In this study, two new mutations on the UROIIIS gene were characterized in the same South African patient. This result brings further evidence for the heterogeneity of the mutations in CEP. Interestingly, a direct correlation was observed between phenotype and genotype since the patient suffered from a mild form of CEP and exhibited a mutated allele (V99A) expressing some residual UROIIIS activity (7%). On the other hand, the second mutated allele (633insA) had no activity in the expression system as previously seen with C73R, 148del98 and 660ins80 alleles [9]. A total of 17 unrelated patients have been analyzed in our laboratory: the C73 allele has been detected in 16 of 34 alleles. It is of note that this allele is readily associated with a severe phenotype [13, 14] when the patient is homoallelic while the phenotype of heteroallelic individuals depends on the lesion present on the other allele.

The expression system used in this work is well suited to enzymatic analysis and correlations between phenotype and genotype, but gives little information on the relation between structure and function. Actually, we are developing another expression system, pGEX (Pharmacia, France), which allows a large overproduction of recombinant proteins for purification and cristallographic studies.

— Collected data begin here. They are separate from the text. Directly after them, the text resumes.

(* Let $\Omega\subseteq\mathbb{C}$ be a domain, $F:\Omega\to B(\mathfrak{X})$ a function, $\mathcal{H}=\mathcal{H}_F$ the associated reproducing kernel Hilbert space, $\{u_n\}_{n\ge1}$ an orthonormal basis of $\mathfrak{X}$, and $F_n(z)=F(z)u_n$ for $z\in\Omega$. Then every element of $\mathcal{H}$ is an $\mathfrak{X}$-valued analytic function on $\Omega$ if and only if each $F_n$ is analytic on $\Omega$ and $z\mapsto\|F(z)\|$ is bounded on every compact subset of $\Omega$.
   Context: $\mathfrak{X}$ is a complex separable Hilbert space. $\mathcal{H}_F=\{f_u: u\in\mathfrak{X}\}$ with $f_u(z)=F(z)u$, normed by $\|f_u\|=\inf\{\|w\|_{\mathfrak{X}}: F(\cdot)w=f_u\}$. *)

theory Defs
  imports "HOL-Analysis.Analysis"
begin

text \<open>HOL-Analysis only provides real inner product spaces, so a complex
Hilbert space is introduced here as a type class: a real Banach space with a
compatible complex scalar multiplication and a sesquilinear inner product
(linear in the second argument) that induces the norm.\<close>

class cvector = real_vector +
  fixes scaleC :: "complex \<Rightarrow> 'a \<Rightarrow> 'a"
  assumes scaleC_add_right: "scaleC a (x + y) = scaleC a x + scaleC a y"
    and scaleC_add_left: "scaleC (a + b) x = scaleC a x + scaleC b x"
    and scaleC_scaleC: "scaleC a (scaleC b x) = scaleC (a * b) x"
    and scaleC_one: "scaleC 1 x = x"
    and scaleR_scaleC: "scaleR r x = scaleC (complex_of_real r) x"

The analysis of mutated alleles by direct sequencing of UROIIIS exons from genomic DNA is a convenient way to identify new mutations. However, the frameshift mutation 633insA could not be analyzed by genomic sequencing because UROIIIS gene structure has not been published so far and we could not design convenient genomic amplimers. More gene cloning work is necessary to enable the amplification of the entire coding sequence from genomic DNA. Finally, the improvement of diagnosis methods in unclassified cases of porphyrias will benefit genetic counselling and prenatal diagnosis.